The bell could be off by 90 degrees since its square and could be assembled clocked in any one of four positions.

I'm sure its a cheap chinese motor that was assembled poorly, so the whole thing isn't worth what I paid (which was free) but its fun to learn and experiment.

How far should I rotate? are we talking like 1 degree or 45 degrees? Would there be a "timing mark" or a tell-tale way of knowing what the "correct" alignment is?

curtis73
curtis73 GRM+ Memberand UltraDork
12/2/12 1:58 a.m.
Toyman01 wrote: Usually the sparks will travel around the commutator. It will look like streaks of fire.

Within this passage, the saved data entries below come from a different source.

text \<open>
  Since \<open>W(0) = 1\<close>, the density is \<open>p\<^sub>Y = p\<^sub>Y(0) W\<close> and \<open>2 q\<^sub>L / \<sigma>\<^sup>2 = p\<^sub>Y(0)\<close>, so the
  bracket in the definition of \<open>h\<close> is \<open>1 - F\<^sub>Y(u) = Fbar\<^sub>Y(u)\<close> and the fundamental theorem of
  calculus gives \<open>h' = Fbar\<^sub>Y / W = p\<^sub>Y(0) Fbar\<^sub>Y / p\<^sub>Y\<close>. For \<open>v \<ge> u \<ge> x\<^sub>0 = max 0 ((2\<alpha> + \<sigma>\<^sup>2) / (2\<gamma>))\<close>
  the Gaussian satisfies \<open>W(v) \<le> W(u) exp(u - v)\<close>, whence \<open>Fbar\<^sub>Y(x) \<le> p\<^sub>Y(x)\<close> beyond \<open>x\<^sub>0\<close>.
  Therefore \<open>h'\<^sup>2 p\<^sub>Y = p\<^sub>Y(0) Fbar\<^sub>Y\<^sup>2 / W\<close> is bounded on \<open>[0, x\<^sub>0]\<close> and at most \<open>p\<^sub>Y(0)\<^sup>3 W\<close> after it,
  in both cases a multiple of \<open>exp(-x)\<close>.
\<close>

lemma Phi_pos: "Phi c > 0"
proof -
  have int: "integrable lborel (\<lambda>x. indicator {..c} x *\<^sub>R std_normal_density x)"
    by (rule integrable_mult_indicator) auto
  have "Phi c \<noteq> 0"
  proof
    assume "Phi c = 0"
    then have "AE x in lborel. indicator {..c} x *\<^sub>R std_normal_density x = 0"
      using integral_nonneg_eq_0_iff_AE[OF int] unfolding Phi_def set_lebesgue_integral_def
      by (auto simp: indicator_def)
    then have "AE x in lborel. x \<notin> {..c}"
      using normal_density_pos[of 1 0] by (rule_tac AE_mp) (auto intro!: AE_I2 simp: indicator_def, metis less_irrefl)
    then have "emeasure lborel {..c} = 0"
      by (subst (asm) AE_iff_measurable[where N="{..c}"]) auto
    moreover have "emeasure lborel {c-1..c} \<le> emeasure lborel {..c}"
      by (rule emeasure_mono) auto
    ultimately show False by simp
  qed
  moreover have "0 \<le> Phi c" unfolding Phi_def set_lebesgue_integral_def
    by (rule Bochner_Integration.integral_nonneg) (auto simp: indicator_def)
  ultimately show ?thesis by simp
qed
text \<open>Process the sets of U_sep in the order given by the list Us.\<close>
definition canon_forests :: "('e \<Rightarrow> 'v set) \<Rightarrow> 'v set set \<Rightarrow> 'e set \<Rightarrow> 'v set list
     \<Rightarrow> ('v, 'e) forest set" where
  "canon_forests ends D OPT Us = fold (merge_step ends D) Us (init_forests ends OPT)"

definition fcomps :: "('e \<Rightarrow> 'v set) \<Rightarrow> ('v, 'e) forest \<Rightarrow> 'v set set" where
  "fcomps ends Fo = {{w\<in>fst Fo. conn ends (snd Fo) v w} | v. v \<in> fst Fo}"

definition Sset :: "('e \<Rightarrow> 'v set) \<Rightarrow> (real \<Rightarrow> 'v set set) \<Rightarrow> (real \<Rightarrow> 'e set) \<Rightarrow> 'v \<Rightarrow> 'v set \<Rightarrow> 'v set" where
  "Sset ends A Ft r T = {v\<in>T. actconn ends A Ft r v}"

definition canon_coll :: "('e \<Rightarrow> 'v set) \<Rightarrow> (real \<Rightarrow> 'v set set) \<Rightarrow> (real \<Rightarrow> 'e set)
     \<Rightarrow> (('v, 'e) forest \<Rightarrow> 'v) \<Rightarrow> ('v, 'e) forest set \<Rightarrow> 'v set set" where
  "canon_coll ends A Ft r \<F> =
     {S. \<exists>Fo\<in>\<F>. \<exists>T\<in>fcomps ends Fo. S = Sset ends A Ft (r Fo) T \<and> S \<noteq> {}}"

definition is_tree :: "('e \<Rightarrow> 'v set) \<Rightarrow> ('v, 'e) forest \<Rightarrow> bool" where
  "is_tree ends G \<longleftrightarrow> (\<forall>e\<in>snd G. ends e \<subseteq> fst G) \<and> fst G \<noteq> {}
     \<and> (\<forall>u\<in>fst G. \<forall>v\<in>fst G. conn ends (snd G) u v) \<and> card (snd G) + 1 = card (fst G)"

definition is_subtree_conn :: "('e \<Rightarrow> 'v set) \<Rightarrow> ('v, 'e) forest \<Rightarrow> 'v set \<Rightarrow> ('v, 'e) forest \<Rightarrow> bool" where
  "is_subtree_conn ends T S G \<longleftrightarrow> fst G \<subseteq> fst T \<and> snd G \<subseteq> snd T \<and> is_tree ends G
     \<and> S \<subseteq> fst G"

definition is_min_subtree :: "('e \<Rightarrow> 'v set) \<Rightarrow> ('v, 'e) forest \<Rightarrow> 'v set \<Rightarrow> ('v, 'e) forest \<Rightarrow> bool" where
  "is_min_subtree ends T S G \<longleftrightarrow> is_subtree_conn ends T S G
     \<and> (\<forall>G'. is_subtree_conn ends T S G' \<and> fst G' \<subseteq> fst G \<and> snd G' \<subseteq> snd G \<longrightarrow> G' = G)"

definition T_S :: "('e \<Rightarrow> 'v set) \<Rightarrow> ('v, 'e) forest \<Rightarrow> 'v set \<Rightarrow> 'v set \<Rightarrow> ('v, 'e) forest" where
  "T_S ends Fo T S = (SOME G. is_min_subtree ends (T, {e\<in>snd Fo. ends e \<subseteq> T}) S G)"

definition agreeable :: "('e \<Rightarrow> 'v set) \<Rightarrow> 'v set set \<Rightarrow> (real \<Rightarrow> 'v set set) \<Rightarrow> 'e set
     \<Rightarrow> 'v set set \<Rightarrow> bool" where
  "agreeable ends D A OPT \<S> \<longleftrightarrow>
     (\<forall>S\<in>\<S>. \<exists>K\<in>comps ends OPT. S \<subseteq> K)
   \<and> (\<forall>K\<in>comps ends OPT. \<forall>S1\<in>\<S>. \<forall>S2\<in>\<S>. S1 \<subseteq> K \<longrightarrow> S2 \<subseteq> K \<longrightarrow> S1 = S2)
   \<and> (\<forall>d1\<in>D. \<forall>d2\<in>D. (\<exists>U. yfin A U \<noteq> 0 \<and> separates U d1 \<and> separates U d2)
        \<longrightarrow> ((\<exists>S\<in>\<S>. d1 \<subseteq> S) \<longleftrightarrow> (\<exists>S\<in>\<S>. d2 \<subseteq> S)))"

end

theory Submission
  imports Defs
begin

(* Each canonical set S lies, by construction, in the active-connectivity class of the root of
   its forest, and T_S exists because every component of a canonical forest is a connected
   component of OPT and hence has a spanning tree.
   Agreeability rests on three facts about the run: active connectivity is transitive; the
   partners of a demand pair are actively connected, since both stay active until the first time
   they get connected; and two terminals in an active moat U whose partners lie outside U are
   actively connected through U.  If two demand pairs are separated by some U in the support
   of y, the merging step for U puts them into one forest, and a root actively connected to one
   pair is then actively connected to the other.
   Only feasibility of OPT is used: neither the costs, eps, the minimality of OPT nor the choice
   of the roots r_F matters (any root works, by transitivity). *)

section \<open>Connectivity\<close>

lemma conn_refl [simp]: "conn ends H u u"
  by (simp add: conn_def)

lemma conn_sym:
  assumes "conn ends H u v"
  shows "conn ends H v u"
proof -
  have "sym {(a, b). \<exists>e\<in>H. ends e = {a, b}}"
    by (auto simp: sym_def insert_commute)
  with assms show ?thesis
    unfolding conn_def by (meson sym_rtrancl symD)
qed
lemma basis_seminorm_in_Sc':
  assumes nlf: "nonarch_local_field v q" and c: "c \<in> coeff_space"
  shows "basis_seminorm v q c \<in> Sc' v q"
proof -
  have c_nonneg: "\<forall>i. 0 \<le> c i" and "\<exists>i. c i \<noteq> 0" using c by (auto simp: coeff_space_def)
  then obtain i0 where "basis_seminorm v q c (basis_vec i0) \<noteq> 0"
    using basis_seminorm_basis_vec[OF nlf] by metis
  moreover have "0 \<le> basis_seminorm v q c x" for x
    using basis_seminorm_ge[of v q x _ c] absv_nonneg c_nonneg by (meson order_trans zero_le_mult_iff)
  moreover have "basis_seminorm v q c (\<lambda>i. a * x i) = absv v q a * basis_seminorm v q c x" for a x
    using basis_seminorm_scale[of "absv v q a" v q c x] absv_nonneg[of v q a]
    by (simp add: basis_seminorm_def absv_mult[OF nlf] mult.assoc mult.left_commute)
  moreover have "basis_seminorm v q c (\<lambda>i. x i + y i)
      \<le> max (basis_seminorm v q c x) (basis_seminorm v q c y)" for x y
    unfolding basis_seminorm_le_iff
  proof
    fix i
    have "absv v q (x i + y i) * c i \<le> max (absv v q (x i)) (absv v q (y i)) * c i"
      using absv_ultrametric[OF nlf] c_nonneg by (intro mult_right_mono) auto
    also have "\<dots> \<le> max (basis_seminorm v q c x) (basis_seminorm v q c y)"
      using basis_seminorm_ge[of v q x i c] basis_seminorm_ge[of v q y i c] c_nonneg
      by (auto simp: max_mult_distrib_right)
    finally show "absv v q (x i + y i) * c i \<le> max (basis_seminorm v q c x) (basis_seminorm v q c y)" .
  qed
  moreover have "is_canonical v q (basis_seminorm v q c)"
    unfolding is_canonical_def using basis_seminorm_basis_vec[OF nlf c_nonneg]
    by (simp add: basis_seminorm_def)
  ultimately show ?thesis unfolding Sc'_def is_seminorm_def by blast
qed

lemma basis_seminorm_basis_values:
  assumes "\<gamma> \<in> Sc' v q"
  shows "basis_seminorm v q (basis_values \<gamma>) = \<gamma>"
proof
  fix x
  have "is_canonical v q \<gamma>" using assms by (simp add: Sc'_def)
  then show "basis_seminorm v q (basis_values \<gamma>) x = \<gamma> x"
    unfolding is_canonical_def basis_seminorm_def basis_values_def by metis
qed

lemma basis_values_in_coeff_space:
  assumes "\<gamma> \<in> Sc' v q"
  shows "basis_values \<gamma> \<in> coeff_space"
proof -
  obtain x where "\<gamma> x \<noteq> 0" using assms by (auto simp: Sc'_def is_seminorm_def)
  have "\<exists>i. basis_values \<gamma> i \<noteq> 0"
  proof (rule ccontr)
    assume "\<nexists>i. basis_values \<gamma> i \<noteq> 0"
    then have "basis_seminorm v q (basis_values \<gamma>) x = 0" by (simp add: basis_seminorm_def)
    with \<open>\<gamma> x \<noteq> 0\<close> show False by (simp add: basis_seminorm_basis_values[OF assms])
  qed
  then show ?thesis
    using assms by (simp add: coeff_space_def Sc'_def is_seminorm_def basis_values_def)
qed

lemma basis_values_basis_seminorm:
  assumes "nonarch_local_field v q" "c \<in> coeff_space"
  shows "basis_values (basis_seminorm v q c) = c"
  using basis_seminorm_basis_vec[OF assms(1)] assms(2)
  by (auto simp: fun_eq_iff basis_values_def coeff_space_def)

lemma scale_in_Sc':
  assumes "nonarch_local_field v q" "\<gamma> \<in> Sc' v q" "0 < r"
  shows "(\<lambda>x. r * \<gamma> x) \<in> Sc' v q"
proof -
  have "(\<lambda>i. r * basis_values \<gamma> i) \<in> coeff_space"
    using basis_values_in_coeff_space[OF assms(2)] assms(3) by (auto simp: coeff_space_def)
  moreover have "(\<lambda>x. r * \<gamma> x) = basis_seminorm v q (\<lambda>i. r * basis_values \<gamma> i)"
    using assms(3)
    by (simp add: fun_eq_iff basis_seminorm_scale basis_seminorm_basis_values[OF assms(2)])
  ultimately show ?thesis using basis_seminorm_in_Sc'[OF assms(1)] by simp
qed
definition dirichlet :: "nat \<Rightarrow> (nat \<Rightarrow> real) \<Rightarrow> (nat \<Rightarrow> real) measure" where
  "dirichlet K \<alpha> =
     distr (density (PiM {1..<K} (\<lambda>_. lborel)) (\<lambda>x. ennreal (dirichlet_density K \<alpha> x)))
           (PiM {1..K} (\<lambda>_. lborel)) (dirichlet_complete K)"

end

theory Submission
  imports Defs
begin

text \<open>If \<open>p\<^sub>m\<close> avoids the ball, then from
  \<open>p\<^sub>m - \<beta>\<^sub>i = (\<Sum>k\<noteq>i. \<theta>\<^sub>m\<^sub>k (\<beta>\<^sub>k - \<beta>\<^sub>i))\<close> we get \<open>\<epsilon> \<le> (1 - \<theta>\<^sub>m\<^sub>i) max\<^sub>k a\<^sub>i\<^sub>,\<^sub>k\<close>,
  i.e. \<open>\<theta>\<^sub>m\<^sub>i \<le> 1 - \<epsilon> / max\<^sub>k a\<^sub>i\<^sub>,\<^sub>k\<close>. The coordinate \<open>\<theta>\<^sub>m\<^sub>i\<close> of a
  \<open>Dir(\<alpha>)\<close> vector is \<open>Beta(\<alpha>\<^sub>i, \<Sum>\<^sub>j\<^sub>\<noteq>\<^sub>i \<alpha>\<^sub>j)\<close>-distributed, so each of these
  independent events has probability equal to the incomplete Beta ratio on the right.
  The Beta marginal is obtained by integrating the Dirichlet density one coordinate at a
  time with the scaled Beta integral \<open>\<integral>\<^sub>0\<^sup>s y\<^sup>a\<^sup>-\<^sup>1 (s - y)\<^sup>b\<^sup>-\<^sup>1 dy = s\<^sup>a\<^sup>+\<^sup>b\<^sup>-\<^sup>1 B(a,b)\<close>;
  for the last coordinate \<open>\<theta>\<^sub>K = 1 - \<Sum>\<^sub>k\<^sub><\<^sub>K \<theta>\<^sub>k\<close> the reflection
  \<open>x\<^sub>1 \<mapsto> 1 - \<Sum>\<^sub>k\<^sub><\<^sub>K x\<^sub>k\<close> first exchanges its role with that of \<open>\<theta>\<^sub>1\<close>.\<close>

lemma beta_kernel_scale:
  fixes a b s x :: real
  assumes "0 < s" "0 < x" "x < 1"
  shows "(s * x) powr (a-1) * (s - s * x) powr (b-1) = s powr (a+b-2) * (x powr (a-1) * (1-x) powr (b-1))"
proof -
  have "(s * x) powr (a-1) * (s * (1-x)) powr (b-1)
      = (s powr (a-1) * s powr (b-1)) * (x powr (a-1) * (1-x) powr (b-1))"
    using assms by (simp add: powr_mult mult_ac)
  also have "s powr (a-1) * s powr (b-1) = s powr (a+b-2)"
    by (simp add: powr_add[symmetric])
  finally show ?thesis by (simp add: right_diff_distrib)
qed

Exactly - streaks of white, blue, and yellow fire. Sometimes it stops completely and cycling the switch will make one quick spark. Continuing to cycle the switch will usually get it running again with sparks trailing around the com.

Curmudgeon
Curmudgeon MegaDork
12/2/12 7:55 a.m.

That sounds like it's out of time. I'd try moving the end bell around to the various positions, see what happens. What's the worst that could happen?

We used to advance the commutator timing on R/C car motors by sticking a small screwdriver in the brush holder, then grip the shaft with a pair of Vise Grips and turn it in the desired direction. When R.O.A.R. got wind of this, they specified a 'Mabuchi cross wrap) wind which would break the commutator wires if twisted. You can get the same advance/retard effect by twisting the brush holders. The rule of thumb was a max 44 degree advance, they'd fry themselves pretty quick if it went past that. Most stock sealed motors were (IIRC) 27 degrees advance. It was pretty easy on a DC motor to tell which way to go, you simply swapped the leads. A zero degree motor would run the same speed either direction, an advanced motor would turn faster one way than the other. I don't think that will work on an A/C motor, but then again I have never tried it.

One other thing: to cut down on RFI it was necessary to put a capacitor across the terminals. If this wasn't done, the brushes would spark like hell and drive the radio stuff nuts. This was really bad on carbon fiber and aluminum chassis which could conduct electricity. You might see if there's a capacitor missing or not connected.

wvumtnbkr
wvumtnbkr GRM+ Memberand Reader
12/3/12 7:55 a.m.

So you were the guy that was always "cranking" motors?

Bastard!

pinchvalve
pinchvalve GRM+ Memberand UltimaDork
12/3/12 8:01 a.m.

Let me guess: there is no logical and effective method for storing the power cord or vacuum hose? We can put a man on the moon, but Rigid can't figure out how to store cords and hoses on a vacuum...

RossD
RossD UberDork
12/3/12 8:14 a.m.
pinchvalve wrote: Let me guess: there is no logical and effective method for storing the power cord or vacuum hose? We can put a man on the moon, but Rigid can't figure out how to store cords and hoses on a vacuum...

Right?!?! They've figured it out for the one in the house but not the one that sits in the garage! WTF!

curtis73
curtis73 GRM+ Memberand UltraDork
12/3/12 11:31 p.m.
pinchvalve wrote: Let me guess: there is no logical and effective method for storing the power cord or vacuum hose? We can put a man on the moon, but Rigid can't figure out how to store cords and hoses on a vacuum...

Amen to that. The Ridgid shop vac I have at home came with 6 places for attachments and 7 attachments. Nice.

Curmudgeon
Curmudgeon MegaDork
12/4/12 7:25 a.m.
wvumtnbkr wrote: So you were the guy that was always "cranking" motors? Bastard!

(looks around and whistles)

motomoron
motomoron Dork
12/4/12 12:40 p.m.

In reply to curtis73:

6 in the clip and 1 in the hole.

curtis73
curtis73 GRM+ Memberand UltraDork
12/4/12 7:02 p.m.

Ok, I tried all of the above. I clocked the bell 90 degrees, no good. I tried twisting the comm, but it won't budge. Its hard to see but it looks like its keyed and epoxied. I tried shaving off about a 1/4 of the one side of the brushes and it ran a little better until it snapped one of the brushes in half.

This electric motor has now gone in the circular file.

ultraclyde
ultraclyde Dork
12/4/12 7:54 p.m.

Sure, sure, but did you figure out a better way to store the hose??!!